Sia la principessa che Cenerentola.

La razionalità si è fatta persona

E le luci si sono accese.

Lo squarcio nel cielo sul telo del teatro dei burattini

Divenuto apparente.

Ma io credo

Nello spettacolo, nel sogno, nella fiaba

E tu hai trovato la chiave per aprire

La porticina di accesso al mondo di Alice.

In cielo si è elevato un canto.


 

 

Sogno di giorno a primavera

 

L’ uomo di ghiaccio al posto del cuore aveva una palla di neve e nelle sue vene circolava un rivolo d’ acqua gelata. Per vivere aveva bisogno di mantenersi ad una distanza ottimale dalle fonti di calore; se si trovava troppo vicino il suo cuore rischiava di sciogliersi completamente e lui sarebbe morto, mentre se si trovava troppo lontano il suo sangue iniziava il processo di congelamento e alla fine avrebbe smesso di circolare e anche in questo caso sarebbe morto. La sua vita era complicata dal fatto che, se nel caso del calore emanato dagli oggetti, come il fuoco di un camino o un forno elettrico o una stufa a gas o a legna, esso poteva essere prevedibile e la giusta distanza giudicata attraverso calcoli matematici, che sebbene sofisticati, erano per lui, eccellente scienziato, accessibili senza molto sforzo, ciò non era altrettanto ovvio quando si trattava di persone. Ogni individuo racchiude in sè un fuoco tutto particolare, tutto personale.

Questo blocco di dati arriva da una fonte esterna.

theorem proposition3p6:
  fixes N :: real
  assumes "N > 0"
  shows "\<exists>F :: complex \<Rightarrow> (real \<Rightarrow> int).
     (\<forall>x\<in>sphere 0 1. F x \<in> cycles0)
     \<and> flat_continuous_on (sphere 0 1) F
     \<and> contractible_family (sphere 0 1) F
     \<and> (\<forall>x\<in>sphere 0 1. mass0 (F x) \<le> 2)
     \<and> (\<forall>H :: complex \<Rightarrow> (real \<Rightarrow> int).
          (\<forall>x\<in>sphere 0 1. is_chain1 (H x) \<and> bd1 (H x) = F x)
          \<and> mass_continuous_on (sphere 0 1) H
          \<longrightarrow> (\<exists>x0\<in>sphere 0 1. mass1 (H x0) > N))"
proof (intro exI[of _ "winding_pair (2 * N)"] conjI ballI allI impI)
  show "flat_continuous_on (sphere 0 1) (winding_pair (2 * N))"
    using flat_continuous_on_winding_pair[of _ "\<lambda>_. 2 * N" "\<lambda>x. x"] by simp
next
  fix H :: "complex \<Rightarrow> real \<Rightarrow> int"
  assume "(\<forall>x\<in>sphere 0 1. is_chain1 (H x) \<and> bd1 (H x) = winding_pair (2 * N) x)
    \<and> mass_continuous_on (sphere 0 1) H"
  then show "\<exists>x0\<in>sphere 0 1. mass1 (H x0) > N"
    using winding_pair_filling_mass_gt[OF assms] by blast
qed (simp_all add: winding_pair_in_cycles0 mass0_winding_pair_le contractible_family_winding_pair)

end
lemma unit_kernel_basis_if_ker_dim_1:
  fixes A :: "real^'n^'n"
  assumes "ker_dim A = 1"
  obtains u where "unit_kernel_basis A u"
proof -
  let ?V = "{x :: real^'n. A *v x = 0}"
  obtain B where B: "B \<subseteq> ?V" "independent B" "?V \<subseteq> span B" "card B = dim ?V"
    using basis_exists by blast
  then obtain b where b: "B = {b}"
    using assms unfolding ker_dim_def by (metis card_1_singletonE)
  define u where "u = b /\<^sub>R norm b"
  have "b \<noteq> 0" using B(2) b by auto
  then have "norm u = 1" by (simp add: u_def)
  moreover have "A *v u = 0"
    using B(1) b by (simp add: u_def matrix_vector_mult_scaleR)
  moreover have "x = (u \<bullet> x) *\<^sub>R u" if "A *v x = 0" for x
  proof -
    have "x \<in> span {b}" using B(3) b that by auto
    then obtain c where "x = c *\<^sub>R b" by (auto simp: span_singleton)
    then have "x = (c * norm b) *\<^sub>R u" using \<open>b \<noteq> 0\<close> by (simp add: u_def)
    with \<open>norm u = 1\<close> show ?thesis by (simp add: dot_square_norm)
  qed
  ultimately show ?thesis using that unfolding unit_kernel_basis_def by blast
qed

L’ uomo di ghiaccio aveva una personalità molto dolce e accattivante e per questo attirava a sè una certa quantità di amici. L’ amicizia era per lui una dimensione vivibile dato che per sua intrinseca natura aveva più a che fare col tepore che col fuoco. Ma quando si trattava d’ amore era tutto un altro paio di maniche. Conobbe Rosa alla mostra dei fiori dove era solito recarsi annualmente, quando la vide mentre lei stava infilando il naso fra i petali di una peonia rossa. Rimase folgorato dai suoi riccioli color carota e dal profumo che nell’ insieme veniva emanato dal fiore e dalla donna; rimase incantato dalla bocca che somigliava ad una corolla e dai suoi occhi color di foglia.

Non potè fare a meno di rivolgerle la parola e non trovò niente di meglio che invitarla a prendere un gelato insieme a lui. Fu un desiderio spontaneo, ma si rivelò anche una mossa strategica perchè il gelato avrebbe mantenuto la sua temperatura ad un livello giusto e avrebbe salvaguardato la sua salute. Rosa era sempre stata affascinata dai fiori e in primavera era lei stessa a rifiorire. Era attratta dalla forma dei petali, dai pistilli, dal nettare, non solo di fiori importanti come quelli che portavano il suo nome, ma anche per esempio di quelli del pomodoro. È indescrivibile la gioia che Rosa provava nell’ osservare i piccoli sepali gialli che una volta secchi si staccavano dallo stelo per lasciare il posto ad una minuscola pallina verde che sarebbe a poco a poco cresciuta per trasformarsi in un odoroso pomodorino rosso. Così faceva con tutte le altre piantine di cui amava circondarsi, dal peperone piccante, alla melanzana, al cece.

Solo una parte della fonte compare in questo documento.